Line numbers are not exposed — entries are attributed by `:name`, carried
over from the TPTP formula name.
## 2. Stable theory name
Pass `:theory_name` to keep filenames stable across re-runs (useful when
inspecting the on-disk `.thy` file after the fact).
```elixir
{:ok, _} =
AtpClient.Isabelle.query_tptp(
problem,
server_opts ++ [theory_name: "ExcludedMiddle"]
)
server_opts[:local_dir] |> File.ls!() |> Enum.sort()
```
<!-- livebook:{"output":true} -->
```
["AtpClient_bf18a2b59d89.thy", "ExcludedMiddle.thy", "TPTP.thy"]
```
Expected to include `"ExcludedMiddle.thy"` and `"TPTP.thy"`.
## 3. Multi-lemma problem with a persistent session
Open one session, run several problems, close it once. This is the shape
`KinoAtpClient` will use — start-up cost (which is dominated by
`session_start`) amortises across UI events.
```elixir
{:ok, session} = AtpClient.Isabelle.open_session(server_opts)
try do
multi = ~S"""
thf(p_type, type, p: $i > $o).
thf(q_type, type, q: $i > $o).
thf(g1, conjecture, ! [X: $i]: (p @ X | ~ (p @ X))).
thf(g2, conjecture, ! [X: $i]: ((p @ X & q @ X) => p @ X)).
"""
AtpClient.Isabelle.prove_tptp(session, multi)
after
AtpClient.Isabelle.close_session(session)
end
```
<!-- livebook:{"output":true} -->
```
{:ok, [%{name: "g1", result: {:ok, :theorem}}, %{name: "g2", result: {:ok, :theorem}}]}
```
Expected: two entries, names `"g1"` and `"g2"`, both `{:ok, :theorem}`.
## 4. Sledgehammer / Nitpick as proof method
`per_lemma_results/3` applies the same tool-signal classifier as the
single-result mode, so `proof_method: "sledgehammer nitpick oops"` produces
`{:ok, :theorem}` when sledgehammer finds a proof and
`{:ok, :counter_satisfiable}` when nitpick finds a counterexample — even
though `oops` withdraws the goal and
no `theorem name:` completion message is ever emitted.
```elixir
probe = ~S"""
thf(g_taut, conjecture, ! [X: $o]: (X | ~ X)).
thf(g_false, conjecture, ! [X: $o]: (X & ~ X)).
"""
AtpClient.Isabelle.query_tptp(
probe,
server_opts ++ [proof_method: "sledgehammer nitpick oops", use_theories_timeout_ms: 600_000]
)
```
<!-- livebook:{"output":true} -->
```
{:ok, [%{name: "g_taut", result: {:ok, :theorem}}, %{name: "g_false", result: {:ok, :counter_satisfiable}}]}
```
Expected: `g_taut` → `{:ok, :theorem}`, `g_false` → `{:ok, :counter_satisfiable}`. Lemma names
come through regardless of proof method — they are read from the body, not
parsed out of Isabelle's per-message text (which omits the name for
`oops`-based diagnostic methods).
## 5. Shut the server down
```elixir
IsabelleClient.Server.kill(server.name)
```
<!-- livebook:{"output":true} -->
```
{"", 0}
```
## 6. What to look for if something fails
- `{:error, :isabelle_not_found}` from `IsabelleClient.Server.executable/0` —
`isabelle` is not on `PATH`. Set `ISABELLE_TOOL` to the executable path.

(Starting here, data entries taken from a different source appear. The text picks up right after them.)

(* Let $\mathcal{D}=(\mathcal{P},\mathcal{B},\mathcal{I})$ be a quasi-symmetric $(v,b,r,k,\lambda_1,0)$ SPBIBD of type $(k-1,t)$ with intersection numbers $x=0$ and $y=1$, let $\Gamma$ be its incidence graph, and assume $r\ge3$. Then: (i) $\Gamma$ is almost $2$-$\mathcal{B}$-homogeneous if and only if $\mathcal{D}$ is a generalized quadrangle; (ii) $\Gamma$ is not $2$-$\mathcal{B}$-homogeneous.
   Context: A design $\mathcal{D}=(\mathcal{P},\mathcal{B},\mathcal{I})$ is an incidence structure with $|\mathcal{P}|=v$, $|\mathcal{B}|=b$, every block incident with exactly $k$ points and every point with exactly $r$ blocks; standing assumptions: $v>k$ and $r<b$. $(p,B)$ is a flag if $p\in B$, a non-flag otherwise. $\mathcal{D}$ is a $(v,b,r,k,\lambda_1,\lambda_2)$ SPBIBD of type $(s,t)$ if (i) any two distinct points are together in exactly $\lambda_1$ or exactly $\lambda_2$ blocks; (ii) for every flag $(p,B)$, the number of points of $B$ other than $p$ lying with $p$ in exactly $\lambda_1$ blocks is $s$; (iii) for every non-flag $(p,B)$, the number of points of $B$ lying with $p$ in exactly $\lambda_1$ blocks is $t$. Quasi-symmetric with intersection numbers $x<y$: any two distinct blocks share exactly $x$ or $y$ points, both values occurring. A partial geometry is such a design in which any two points are together in at most one block and there is a constant $t'$ ($1\le t'\le r$, $1\le t'\le k$) such that for every non-flag $(p,B)$ exactly $t'$ blocks are incident with $p$ and meet $B$; it is a generalized quadrangle if $t'=1$. The incidence graph is the bipartite graph on $\mathcal{P}\cup\mathcal{B}$ with $p\sim B$ iff $p\in B$. $\Gamma_i(u)$ is the set of vertices at distance $i$ from $u$, $\Gamma(u)=\Gamma_1(u)$. For a $(Y,Y')$-bipartite graph in which every vertex of $Y$ has eccentricity $D\ge3$: it is almost $2$-$Y$-homogeneous if for each $1\le i\le D-2$ the number $|\Gamma(x)\cap\Gamma(y)\cap\Gamma_{i-1}(z)|$ is the same for all $x\in Y$, $y\in\Gamma_2(x)$, $z\in\Gamma_i(x)\cap\Gamma_i(y)$; $2$-$Y$-homogeneous if this holds for each $1\le i\le D-1$. Here $Y=\mathcal{B}$. *)

theory Defs
  imports Main
begin

definition blk_pts :: "'p set \<Rightarrow> ('p \<Rightarrow> 'b \<Rightarrow> bool) \<Rightarrow> 'b \<Rightarrow> 'p set" where
  "blk_pts P I B = {p \<in> P. I p B}"

definition pt_blks :: "'b set \<Rightarrow> ('p \<Rightarrow> 'b \<Rightarrow> bool) \<Rightarrow> 'p \<Rightarrow> 'b set" where
  "pt_blks Bs I p = {B \<in> Bs. I p B}"

definition design ::
  "'p set \<Rightarrow> 'b set \<Rightarrow> ('p \<Rightarrow> 'b \<Rightarrow> bool) \<Rightarrow> nat \<Rightarrow> nat \<Rightarrow> nat \<Rightarrow> nat \<Rightarrow> bool" where
  "design P Bs I v b r k \<longleftrightarrow>
     finite P \<and> finite Bs \<and> card P = v \<and> card Bs = b \<and>
     (\<forall>B\<in>Bs. card (blk_pts P I B) = k) \<and>
     (\<forall>p\<in>P. card (pt_blks Bs I p) = r) \<and>
     v > k \<and> r < b"

definition pair_count :: "'b set \<Rightarrow> ('p \<Rightarrow> 'b \<Rightarrow> bool) \<Rightarrow> 'p \<Rightarrow> 'p \<Rightarrow> nat" where
  "pair_count Bs I p q = card {B \<in> Bs. I p B \<and> I q B}"

definition SPBIBD ::
  "'p set \<Rightarrow> 'b set \<Rightarrow> ('p \<Rightarrow> 'b \<Rightarrow> bool) \<Rightarrow> nat \<Rightarrow> nat \<Rightarrow> nat \<Rightarrow> nat \<Rightarrow> nat \<Rightarrow> nat
     \<Rightarrow> nat \<Rightarrow> nat \<Rightarrow> bool" where
  "SPBIBD P Bs I v b r k lam1 lam2 s t \<longleftrightarrow>
     design P Bs I v b r k \<and>
     (\<forall>p\<in>P. \<forall>q\<in>P. p \<noteq> q \<longrightarrow> pair_count Bs I p q = lam1 \<or> pair_count Bs I p q = lam2) \<and>
     (\<forall>p\<in>P. \<forall>B\<in>Bs. I p B \<longrightarrow>
        card {q \<in> P. q \<noteq> p \<and> I q B \<and> pair_count Bs I p q = lam1} = s) \<and>
     (\<forall>p\<in>P. \<forall>B\<in>Bs. \<not> I p B \<longrightarrow>
        card {q \<in> P. I q B \<and> pair_count Bs I p q = lam1} = t)"

definition quasi_symmetric ::
  "'p set \<Rightarrow> 'b set \<Rightarrow> ('p \<Rightarrow> 'b \<Rightarrow> bool) \<Rightarrow> nat \<Rightarrow> nat \<Rightarrow> bool" where
  "quasi_symmetric P Bs I x y \<longleftrightarrow>
     x < y \<and>
     (\<forall>B\<in>Bs. \<forall>C\<in>Bs. B \<noteq> C \<longrightarrow>
        card (blk_pts P I B \<inter> blk_pts P I C) = x \<or> card (blk_pts P I B \<inter> blk_pts P I C) = y) \<and>
     (\<exists>B\<in>Bs. \<exists>C\<in>Bs. B \<noteq> C \<and> card (blk_pts P I B \<inter> blk_pts P I C) = x) \<and>
     (\<exists>B\<in>Bs. \<exists>C\<in>Bs. B \<noteq> C \<and> card (blk_pts P I B \<inter> blk_pts P I C) = y)"

definition partial_geometry ::
  "'p set \<Rightarrow> 'b set \<Rightarrow> ('p \<Rightarrow> 'b \<Rightarrow> bool) \<Rightarrow> nat \<Rightarrow> nat \<Rightarrow> nat \<Rightarrow> nat \<Rightarrow> nat \<Rightarrow> bool" where
  "partial_geometry P Bs I v b r k t' \<longleftrightarrow>
     design P Bs I v b r k \<and>
     (\<forall>p\<in>P. \<forall>q\<in>P. p \<noteq> q \<longrightarrow> pair_count Bs I p q \<le> 1) \<and>
     1 \<le> t' \<and> t' \<le> r \<and> t' \<le> k \<and>
     (\<forall>p\<in>P. \<forall>B\<in>Bs. \<not> I p B \<longrightarrow>
        card {C \<in> Bs. I p C \<and> (\<exists>q\<in>P. I q C \<and> I q B)} = t')"

definition generalized_quadrangle ::
  "'p set \<Rightarrow> 'b set \<Rightarrow> ('p \<Rightarrow> 'b \<Rightarrow> bool) \<Rightarrow> nat \<Rightarrow> nat \<Rightarrow> nat \<Rightarrow> nat \<Rightarrow> bool" where
  "generalized_quadrangle P Bs I v b r k \<longleftrightarrow> partial_geometry P Bs I v b r k 1"

definition inc_graph_V :: "'p set \<Rightarrow> 'b set \<Rightarrow> ('p + 'b) set" where
  "inc_graph_V P Bs = Inl ` P \<union> Inr ` Bs"

fun inc_graph_E :: "'p set \<Rightarrow> 'b set \<Rightarrow> ('p \<Rightarrow> 'b \<Rightarrow> bool) \<Rightarrow> ('p + 'b) \<Rightarrow> ('p + 'b) \<Rightarrow> bool" where
  "inc_graph_E P Bs I (Inl p) (Inr B) = (p \<in> P \<and> B \<in> Bs \<and> I p B)"
| "inc_graph_E P Bs I (Inr B) (Inl p) = (p \<in> P \<and> B \<in> Bs \<and> I p B)"
| "inc_graph_E P Bs I _ _ = False"

definition walk_of_len :: "('v \<Rightarrow> 'v \<Rightarrow> bool) \<Rightarrow> 'v \<Rightarrow> 'v \<Rightarrow> nat \<Rightarrow> bool" where
  "walk_of_len E u w n \<longleftrightarrow>
     (\<exists>xs. length xs = Suc n \<and> hd xs = u \<and> last xs = w \<and>
           (\<forall>i<n. E (xs ! i) (xs ! Suc i)))"

definition gdist :: "('v \<Rightarrow> 'v \<Rightarrow> bool) \<Rightarrow> 'v \<Rightarrow> 'v \<Rightarrow> nat" where
  "gdist E u w = (LEAST n. walk_of_len E u w n)"

definition sphere :: "'v set \<Rightarrow> ('v \<Rightarrow> 'v \<Rightarrow> bool) \<Rightarrow> 'v \<Rightarrow> nat \<Rightarrow> 'v set" where
  "sphere V E u i = {w \<in> V. (\<exists>n. walk_of_len E u w n) \<and> gdist E u w = i}"

definition has_eccentricity :: "'v set \<Rightarrow> ('v \<Rightarrow> 'v \<Rightarrow> bool) \<Rightarrow> 'v \<Rightarrow> nat \<Rightarrow> bool" where
  "has_eccentricity V E u D \<longleftrightarrow>
     (\<forall>w\<in>V. \<exists>n. walk_of_len E u w n) \<and>
     (\<forall>w\<in>V. gdist E u w \<le> D) \<and> (\<exists>w\<in>V. gdist E u w = D)"

definition hom_cond :: "'v set \<Rightarrow> ('v \<Rightarrow> 'v \<Rightarrow> bool) \<Rightarrow> 'v set \<Rightarrow> nat \<Rightarrow> bool" where
  "hom_cond V E Y m \<longleftrightarrow>
     (\<forall>i. 1 \<le> i \<and> i \<le> m \<longrightarrow>
       (\<exists>c. \<forall>x\<in>Y. \<forall>y\<in>sphere V E x 2. \<forall>z\<in>sphere V E x i \<inter> sphere V E y i.
          card (sphere V E x 1 \<inter> sphere V E y 1 \<inter> sphere V E z (i - 1)) = c))"

definition almost_2_hom :: "'v set \<Rightarrow> ('v \<Rightarrow> 'v \<Rightarrow> bool) \<Rightarrow> 'v set \<Rightarrow> bool" where
  "almost_2_hom V E Y \<longleftrightarrow>
     (\<exists>D\<ge>3. (\<forall>x\<in>Y. has_eccentricity V E x D) \<and> hom_cond V E Y (D - 2))"

definition two_hom :: "'v set \<Rightarrow> ('v \<Rightarrow> 'v \<Rightarrow> bool) \<Rightarrow> 'v set \<Rightarrow> bool" where
  "two_hom V E Y \<longleftrightarrow>
     (\<exists>D\<ge>3. (\<forall>x\<in>Y. has_eccentricity V E x D) \<and> hom_cond V E Y (D - 1))"

end

(*
  Blocks meet in at most one point, and the flag condition with s = k - 1 forces lambda_1 = 1,
  so (for k >= 2) the design is a partial linear space in which, by t >= 1, every point off a
  block B is collinear with a point of B. Hence every block has eccentricity at most 4 in the
  incidence graph, and exactly 4 under the quadrangle axiom; disjoint blocks (x = 0) show it is
  never less than 4.

  Take two blocks B and C meeting in q. At distance i = 2, the blocks at distance 2 from
  both B and C all pass through q precisely when no point off a block lies on two blocks meeting
  it, i.e. precisely when the design is a generalized quadrangle. At distance i = 3 there are
  always points at distance 3 from B and C that are collinear with q and others that are not,
  so the homogeneity condition fails there. For k = 1 the incidence graph is disconnected and
  both sides of the equivalence are false.
*)
theory Submission
  imports Defs
begin

subsection \<open>Walks, distances and spheres\<close>

lemma walk_of_len_0 [simp]: "walk_of_len E u w 0 \<longleftrightarrow> u = w"
proof
  assume "walk_of_len E u w 0"
  then obtain xs where "length xs = 1" "hd xs = u" "last xs = w"
    unfolding walk_of_len_def by auto
  then show "u = w" by (cases xs) auto
qed (auto simp: walk_of_len_def intro: exI[of _ "[u]"])

lemma walk_of_len_Suc: "walk_of_len E u w (Suc n) \<longleftrightarrow> (\<exists>m. walk_of_len E u m n \<and> E m w)"
proof
  assume "walk_of_len E u w (Suc n)"
  then obtain xs where xs: "length xs = Suc (Suc n)" "hd xs = u" "last xs = w"
    "\<forall>i<Suc n. E (xs ! i) (xs ! Suc i)" unfolding walk_of_len_def by blast
  have "walk_of_len E u (xs ! n) n"
    unfolding walk_of_len_def
  proof (intro exI[of _ "butlast xs"] conjI)
    show "hd (butlast xs) = u"
      using xs(1,2) by (cases xs) auto
    show "last (butlast xs) = xs ! n"
      using xs(1) by (subst last_conv_nth) (auto simp: nth_butlast dest: arg_cong[of _ _ length])
  qed (use xs in \<open>simp_all add: nth_butlast\<close>)
  moreover have "E (xs ! n) w"
    using xs(1,3) xs(4)[rule_format, of n] last_conv_nth[of xs] by force
  ultimately show "\<exists>m. walk_of_len E u m n \<and> E m w" by blast
next
  assume "\<exists>m. walk_of_len E u m n \<and> E m w"
  then obtain m ys where ys: "length ys = Suc n" "hd ys = u" "last ys = m"
    "\<forall>i<n. E (ys ! i) (ys ! Suc i)" and "E m w"
    unfolding walk_of_len_def by blast
  have "ys ! n = m"
    using ys(1,3) last_conv_nth[of ys] by force
  then have "\<forall>i<Suc n. E ((ys @ [w]) ! i) ((ys @ [w]) ! Suc i)"
    using ys \<open>E m w\<close> by (auto simp: nth_append less_Suc_eq)
  with ys show "walk_of_len E u w (Suc n)"
    unfolding walk_of_len_def by (intro exI[of _ "ys @ [w]"]) (auto simp: hd_append)
qed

- `{:error, {:tptp_thy_copy_failed, _}}` — `:local_dir` is not writable, or the
dep is not loaded correctly. Check that `IsabelleClient.TPTP.source_path()`
in the `isabelle_elixir` dep resolves to a real file.

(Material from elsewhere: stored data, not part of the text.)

(* Let $K\ge 2$, let $L_1,\dots,L_K:\mathbb{R}^d\to\mathbb{R}$ be twice differentiable, and let $\mu,\rho,\delta\ge 0$. Assume that every $L_k$ is $\mu$-smooth and $\rho$-Hessian Lipschitz. Let $\widehat{w}_1,\dots,\widehat{w}_{K-1}\in\mathbb{R}^d$ and let $H_1,\dots,H_{K-1}$ be symmetric $d\times d$ matrices with $\|H_k\|_2\le\mu$ and $\|H_k-\nabla^2L_k(\widehat{w}_k)\|_2\le\delta$ for all $k\in[K-1]$. Define \[ \widetilde{L}_{K-1}(w)=\sum_{k=1}^{K-1}\Big(L_k(\widehat{w}_k)+(w-\widehat{w}_k)^\top\nabla L_k(\widehat{w}_k)+\tfrac12(w-\widehat{w}_k)^\top H_k(w-\widehat{w}_k)\Big), \] $\widetilde{F}(w)=\frac1K\big(\widetilde{L}_{K-1}(w)+L_K(w)\big)$ and $F(w)=\frac1K\sum_{k=1}^K L_k(w)$. Let $w_0=\widehat{w}_{K-1}$ and $w_t=w_{t-1}-\eta\nabla\widetilde{F}(w_{t-1})$ for $t\ge1$, with step size $\eta>0$. Suppose that for some iteration $t\ge1$ and some $c>1$, \[ \|\nabla\widetilde{F}(w_{t-1})\|_2\ \ge\ \frac{c}{K}\sum_{k=1}^{K-1}\Big(\delta\|w_{t-1}-\widehat{w}_k\|_2+\rho\|w_{t-1}-\widehat{w}_k\|_2^2\Big), \] and that $\eta\le \frac{2(1-1/c)}{\mu}$. Then \[ F(w_t)\le F(w_{t-1})-\eta\Big(1-\frac1c-\frac{\mu\eta}{2}\Big)\|\nabla\widetilde{F}(w_{t-1})\|_2^2 . \]
   Context: $\|\cdot\|_2$ denotes the Euclidean norm for vectors and the operator norm for matrices; $[N]=\{1,\dots,N\}$. A differentiable $f$ is $\mu$-smooth if $\|\nabla f(w)-\nabla f(w')\|_2\le\mu\|w-w'\|_2$ for all $w,w'$, and $\rho$-Hessian Lipschitz if $\|\nabla^2 f(w)-\nabla^2 f(w')\|_2\le\rho\|w-w'\|_2$ for all $w,w'$. The points $\widehat{w}_k$ represent the model parameters obtained at the end of task $k$ in continual learning, and $H_k$ an approximation of the Hessian of the $k$-th task loss there. *)

theory Defs
  imports "HOL-Analysis.Analysis"
begin

definition grad :: "(real^'d \<Rightarrow> real) \<Rightarrow> real^'d \<Rightarrow> real^'d" where
  "grad f w = (THE g. (f has_derivative (\<lambda>h. g \<bullet> h)) (at w))"

definition hess :: "(real^'d \<Rightarrow> real) \<Rightarrow> real^'d \<Rightarrow> real^'d^'d" where
  "hess f w = (THE A. (grad f has_derivative (\<lambda>h. A *v h)) (at w))"

definition twice_differentiable :: "(real^'d \<Rightarrow> real) \<Rightarrow> bool" where
  "twice_differentiable f \<longleftrightarrow>
     (\<forall>w. \<exists>g. (f has_derivative (\<lambda>h. g \<bullet> h)) (at w)) \<and>
     (\<forall>w. \<exists>A. (grad f has_derivative (\<lambda>h. A *v h)) (at w))"

definition opnorm :: "real^'d^'d \<Rightarrow> real" where
  "opnorm A = onorm (\<lambda>x. A *v x)"

definition smooth :: "real \<Rightarrow> (real^'d \<Rightarrow> real) \<Rightarrow> bool" where
  "smooth \<mu> f \<longleftrightarrow> (\<forall>w w'. norm (grad f w - grad f w') \<le> \<mu> * norm (w - w'))"

definition hessian_lipschitz :: "real \<Rightarrow> (real^'d \<Rightarrow> real) \<Rightarrow> bool" where
  "hessian_lipschitz \<rho> f \<longleftrightarrow> (\<forall>w w'. opnorm (hess f w - hess f w') \<le> \<rho> * norm (w - w'))"

definition Ltilde ::
  "nat \<Rightarrow> (nat \<Rightarrow> real^'d \<Rightarrow> real) \<Rightarrow> (nat \<Rightarrow> real^'d) \<Rightarrow> (nat \<Rightarrow> real^'d^'d) \<Rightarrow> real^'d \<Rightarrow> real" where
  "Ltilde K L wh H w = (\<Sum>k=1..K-1. L k (wh k) + (w - wh k) \<bullet> grad (L k) (wh k)
        + (1/2) * ((w - wh k) \<bullet> (H k *v (w - wh k))))"

definition Ftilde ::
  "nat \<Rightarrow> (nat \<Rightarrow> real^'d \<Rightarrow> real) \<Rightarrow> (nat \<Rightarrow> real^'d) \<Rightarrow> (nat \<Rightarrow> real^'d^'d) \<Rightarrow> real^'d \<Rightarrow> real" where
  "Ftilde K L wh H w = (1 / real K) * (Ltilde K L wh H w + L K w)"

definition Fobj :: "nat \<Rightarrow> (nat \<Rightarrow> real^'d \<Rightarrow> real) \<Rightarrow> real^'d \<Rightarrow> real" where
  "Fobj K L w = (1 / real K) * (\<Sum>k=1..K. L k w)"

end

theory Submission imports Defs begin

- `{:error, {:isabelle_failed, %{"message" => "Cannot load theory file"}, [hint: _, …]}}` —
Isabelle could not read `TPTP.thy` or the generated theory. Inspect the
hint's `:local_dir`/`:isabelle_dir` to check the cross-mount.
- `{:error, {:isabelle_failed, %{"message" => msg}, _}}` where `msg` mentions
`unbundle from_TPTP` or unknown syntax — the bundled `TPTP.thy` was found
but `unbundle from_TPTP` did not activate; check the dep version.
- Every lemma comes back `{:ok, :gave_up}` — the `:proof_method` did not
close any goal. Either the tactic is wrong for the problem class (try
`"by metis"` for first-order problems) or the default `"by auto"` is
too weak. The same shape with the proof method omitted entirely is a
regression of the proof-injection step.